- **Exercise aim**:
Repeat the lines below exactly as written, please, from the line with "R \<subseteq> carrier" to the line with "xi \<otimes>\<^bsub>A\<^esub> r \<ominus>\<^bsub>A\<^esub>", both lines included, and no others.

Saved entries
===============

(* Let $K$ be a field, $R=\bigoplus_{m\ge0}R_m$ an $\mathbb N$-graded $K$-algebra, and let $A=\sigma(R)\langle x_1,x_2\rangle$ be a connected graded skew PBW extension of $R$. Then $A$ is a connected graded double Ore extension of $R$ (with generating variables $x_1,x_2$).
   Context: All algebras are over a field $K$; a graded algebra $B=\bigoplus_{p\ge0}B_p$ is connected if $B_0=K$. Skew PBW extension: a ring $A$ is a skew PBW extension of $R$ in $x_1,\dots,x_n$, written $A=\sigma(R)\langle x_1,\dots,x_n\rangle$, if (i) $R\subseteq A$; (ii) $A$ is a free left $R$-module with basis the standard monomials $x^\alpha=x_1^{\alpha_1}\cdots x_n^{\alpha_n}$, $\alpha\in\mathbb N^n$; (iii) for each $i$ and $r\in R\setminus\{0\}$ there is $c_{i,r}\in R\setminus\{0\}$ with $x_ir-c_{i,r}x_i\in R$; (iv) for all $i,j$ there is $c_{i,j}\in R\setminus\{0\}$ with $x_jx_i-c_{i,j}x_ix_j\in R+Rx_1+\cdots+Rx_n$. Then for each $i$ there are an injective ring endomorphism $\sigma_i$ of $R$ and a $\sigma_i$-derivation $\delta_i$ with $x_ir=\sigma_i(r)x_i+\delta_i(r)$. $A$ is bijective if every $\sigma_i$ is bijective and every $c_{i,j}$ ($i<j$) is invertible. A graded skew PBW extension is a bijective skew PBW extension of an $\mathbb N$-graded algebra $R$ such that each $\sigma_i$ is a graded homomorphism, each $\delta_i$ satisfies $\delta_i(R_m)\subseteq R_{m+1}$, and $x_jx_i-c_{i,j}x_ix_j\in R_2+R_1x_1+\cdots+R_1x_n$ with $c_{i,j}\in R_0$; it is graded by $A_p=\mathrm{span}_K\{r_tx^\alpha: t+|\alpha|=p,\ r_t\in R_t\}$. Double Ore extensions: a $K$-algebra $B\supseteq R$ is a right double Ore extension of $R$ if (1) $B$ is generated by $R$ and $x_1,x_2$; (2) $x_2x_1=p_{12}x_1x_2+p_{11}x_1^2+\tau_1x_1+\tau_2x_2+\tau_0$ with $p_{12},p_{11}\in K$, $\tau_i\in R$; (3) $B$ is a free left $R$-module with basis $\{x_1^ax_2^b\}_{a,b\ge0}$; (4) $x_1R+x_2R\subseteq Rx_1+Rx_2+R$. It is a left double Ore extension if (1) holds, $x_1x_2=p'_{12}x_2x_1+p'_{11}x_1^2+x_1\tau'_1+x_2\tau'_2+\tau'_0$ with $p'_{12},p'_{11}\in K$, $\tau'_i\in R$, $B$ is a free right $R$-module with basis $\{x_1^ax_2^b\}$, and $x_1R+x_2R\subseteq Rx_1+Rx_2+R$. It is a double Ore extension if it is both a left and a right double Ore extension with the same generators $x_1,x_2$. It is graded if all its relations are homogeneous with $\deg x_1=\deg x_2=1$ (with $R$ graded). *)

theory Defs
  imports "HOL-Algebra.Algebra"
begin

text \<open>All objects live inside one ambient ring A (HOL-Algebra record).
  K is a central subfield of A (so A is a K-algebra), R is a subring of A containing K.\<close>

definition K_algebra_setup :: "'a ring \<Rightarrow> 'a set \<Rightarrow> 'a set \<Rightarrow> bool" where
  "K_algebra_setup A K R \<longleftrightarrow> ring A \<and> subfield K A \<and> subring R A \<and> K \<subseteq> R \<and>
     (\<forall>k\<in>K. \<forall>a\<in>carrier A. k \<otimes>\<^bsub>A\<^esub> a = a \<otimes>\<^bsub>A\<^esub> k)"

definition graded_alg :: "'a ring \<Rightarrow> 'a set \<Rightarrow> 'a set \<Rightarrow> (nat \<Rightarrow> 'a set) \<Rightarrow> bool" where
  "graded_alg A K R Rg \<longleftrightarrow>
     (\<forall>m. Rg m \<subseteq> R \<and> \<zero>\<^bsub>A\<^esub> \<in> Rg m \<and>
          (\<forall>a\<in>Rg m. \<forall>b\<in>Rg m. a \<oplus>\<^bsub>A\<^esub> b \<in> Rg m) \<and>
          (\<forall>k\<in>K. \<forall>a\<in>Rg m. k \<otimes>\<^bsub>A\<^esub> a \<in> Rg m)) \<and>
     (\<forall>m n. \<forall>a\<in>Rg m. \<forall>b\<in>Rg n. a \<otimes>\<^bsub>A\<^esub> b \<in> Rg (m + n)) \<and>
     \<one>\<^bsub>A\<^esub> \<in> Rg 0 \<and>
     (\<forall>r\<in>R. \<exists>N f. (\<forall>m. f m \<in> Rg m) \<and> r = finsum A f {..<N}) \<and>
     (\<forall>N f. (\<forall>m. f m \<in> Rg m) \<and> finsum A f {..<N} = \<zero>\<^bsub>A\<^esub> \<longrightarrow> (\<forall>m<N. f m = \<zero>\<^bsub>A\<^esub>))"

definition mon :: "'a ring \<Rightarrow> 'a \<Rightarrow> 'a \<Rightarrow> nat \<times> nat \<Rightarrow> 'a" where
  "mon A x1 x2 p = (x1 [^]\<^bsub>A\<^esub> fst p) \<otimes>\<^bsub>A\<^esub> (x2 [^]\<^bsub>A\<^esub> snd p)"

definition left_free_basis :: "'a ring \<Rightarrow> 'a set \<Rightarrow> (nat \<times> nat \<Rightarrow> 'a) \<Rightarrow> bool" where
  "left_free_basis A R B \<longleftrightarrow>
     (\<forall>a\<in>carrier A. \<exists>N c. (\<forall>p. c p \<in> R) \<and>
         a = finsum A (\<lambda>p. c p \<otimes>\<^bsub>A\<^esub> B p) ({..<N} \<times> {..<N})) \<and>
     (\<forall>N c. (\<forall>p. c p \<in> R) \<and> finsum A (\<lambda>p. c p \<otimes>\<^bsub>A\<^esub> B p) ({..<N} \<times> {..<N}) = \<zero>\<^bsub>A\<^esub>
         \<longrightarrow> (\<forall>p\<in>{..<N} \<times> {..<N}. c p = \<zero>\<^bsub>A\<^esub>))"

definition right_free_basis :: "'a ring \<Rightarrow> 'a set \<Rightarrow> (nat \<times> nat \<Rightarrow> 'a) \<Rightarrow> bool" where
  "right_free_basis A R B \<longleftrightarrow>
     (\<forall>a\<in>carrier A. \<exists>N c. (\<forall>p. c p \<in> R) \<and>
         a = finsum A (\<lambda>p. B p \<otimes>\<^bsub>A\<^esub> c p) ({..<N} \<times> {..<N})) \<and>
     (\<forall>N c. (\<forall>p. c p \<in> R) \<and> finsum A (\<lambda>p. B p \<otimes>\<^bsub>A\<^esub> c p) ({..<N} \<times> {..<N}) = \<zero>\<^bsub>A\<^esub>
         \<longrightarrow> (\<forall>p\<in>{..<N} \<times> {..<N}. c p = \<zero>\<^bsub>A\<^esub>))"

definition lcomb :: "'a ring \<Rightarrow> 'a set \<Rightarrow> 'a set \<Rightarrow> 'a set \<Rightarrow> 'a \<Rightarrow> 'a \<Rightarrow> 'a set" where
  "lcomb A S0 S1 S2 x1 x2 =
     {r0 \<oplus>\<^bsub>A\<^esub> (r1 \<otimes>\<^bsub>A\<^esub> x1) \<oplus>\<^bsub>A\<^esub> (r2 \<otimes>\<^bsub>A\<^esub> x2) | r0 r1 r2. r0 \<in> S0 \<and> r1 \<in> S1 \<and> r2 \<in> S2}"

definition skew_PBW :: "'a ring \<Rightarrow> 'a set \<Rightarrow> 'a \<Rightarrow> 'a \<Rightarrow> bool" where
  "skew_PBW A R x1 x2 \<longleftrightarrow>
     R \<subseteq> carrier A \<and> x1 \<in> carrier A \<and> x2 \<in> carrier A \<and>
     left_free_basis A R (mon A x1 x2) \<and>
     (\<forall>xi\<in>{x1, x2}. \<forall>r\<in>R - {\<zero>\<^bsub>A\<^esub>}. \<exists>c\<in>R - {\<zero>\<^bsub>A\<^esub>}.
         xi \<otimes>\<^bsub>A\<^esub> r \<ominus>\<^bsub>A\<^esub> c \<otimes>\<^bsub>A\<^esub> xi \<in> R) \<and>
     (\<forall>xi\<in>{x1, x2}. \<forall>xj\<in>{x1, x2}. \<exists>c\<in>R - {\<zero>\<^bsub>A\<^esub>}.
         xj \<otimes>\<^bsub>A\<^esub> xi \<ominus>\<^bsub>A\<^esub> c \<otimes>\<^bsub>A\<^esub> xi \<otimes>\<^bsub>A\<^esub> xj \<in> lcomb A R R R x1 x2)"

text \<open>Graded skew PBW extension: bijective skew PBW extension with graded sigma_i,
  degree-raising delta_i and homogeneous commutation relations with c_ij in R_0.
  (c_12 invertible in R is the bijectivity condition for i<j.)\<close>
definition graded_skew_PBW ::
    "'a ring \<Rightarrow> 'a set \<Rightarrow> 'a set \<Rightarrow> (nat \<Rightarrow> 'a set) \<Rightarrow> 'a \<Rightarrow> 'a \<Rightarrow> bool" where
  "graded_skew_PBW A K R Rg x1 x2 \<longleftrightarrow>
     graded_alg A K R Rg \<and> skew_PBW A R x1 x2 \<and>
     (\<forall>xi\<in>{x1, x2}. \<exists>\<sigma> \<delta>.
         (\<forall>r\<in>R. \<sigma> r \<in> R \<and> \<delta> r \<in> R \<and> xi \<otimes>\<^bsub>A\<^esub> r = \<sigma> r \<otimes>\<^bsub>A\<^esub> xi \<oplus>\<^bsub>A\<^esub> \<delta> r) \<and>
         bij_betw \<sigma> R R \<and>
         (\<forall>m. \<forall>r\<in>Rg m. \<sigma> r \<in> Rg m \<and> \<delta> r \<in> Rg (Suc m))) \<and>
     (\<exists>c\<in>R. (\<exists>d\<in>R. c \<otimes>\<^bsub>A\<^esub> d = \<one>\<^bsub>A\<^esub> \<and> d \<otimes>\<^bsub>A\<^esub> c = \<one>\<^bsub>A\<^esub>) \<and>
         x2 \<otimes>\<^bsub>A\<^esub> x1 \<ominus>\<^bsub>A\<^esub> c \<otimes>\<^bsub>A\<^esub> x1 \<otimes>\<^bsub>A\<^esub> x2 \<in> lcomb A R R R x1 x2) \<and>
     (\<forall>xi\<in>{x1, x2}. \<forall>xj\<in>{x1, x2}. \<exists>c\<in>Rg 0 - {\<zero>\<^bsub>A\<^esub>}.
         xj \<otimes>\<^bsub>A\<^esub> xi \<ominus>\<^bsub>A\<^esub> c \<otimes>\<^bsub>A\<^esub> xi \<otimes>\<^bsub>A\<^esub> xj \<in> lcomb A (Rg 2) (Rg 1) (Rg 1) x1 x2)"

inductive_set addcl :: "('a, 'b) ring_scheme \<Rightarrow> 'a set \<Rightarrow> 'a set" for A S where
  zero: "\<zero>\<^bsub>A\<^esub> \<in> addcl A S"
| incl: "s \<in> S \<Longrightarrow> s \<in> addcl A S"
| add:  "a \<in> addcl A S \<Longrightarrow> b \<in> addcl A S \<Longrightarrow> a \<oplus>\<^bsub>A\<^esub> b \<in> addcl A S"

definition kspan :: "('a, 'b) ring_scheme \<Rightarrow> 'a set \<Rightarrow> 'a set \<Rightarrow> 'a set" where
  "kspan A K S = addcl A {k \<otimes>\<^bsub>A\<^esub> s | k s. k \<in> K \<and> s \<in> S}"

definition Agr :: "'a ring \<Rightarrow> 'a set \<Rightarrow> (nat \<Rightarrow> 'a set) \<Rightarrow> 'a \<Rightarrow> 'a \<Rightarrow> nat \<Rightarrow> 'a set" where
  "Agr A K Rg x1 x2 p = kspan A K
     {r \<otimes>\<^bsub>A\<^esub> mon A x1 x2 (a, b) | r t a b. r \<in> Rg t \<and> t + a + b = p}"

===============

- **Problem solution**:
     R \<subseteq> carrier A \<and> x1 \<in> carrier A \<and> x2 \<in> carrier A \<and>
     left_free_basis A R (mon A x1 x2) \<and>
     (\<forall>xi\<in>{x1, x2}. \<forall>r\<in>R - {\<zero>\<^bsub>A\<^esub>}. \<exists>c\<in>R - {\<zero>\<^bsub>A\<^esub>}.
         xi \<otimes>\<^bsub>A\<^esub> r \<ominus>\<^bsub>A\<^esub> c \<otimes>\<^bsub>A\<^esub> xi \<in> R) \<and>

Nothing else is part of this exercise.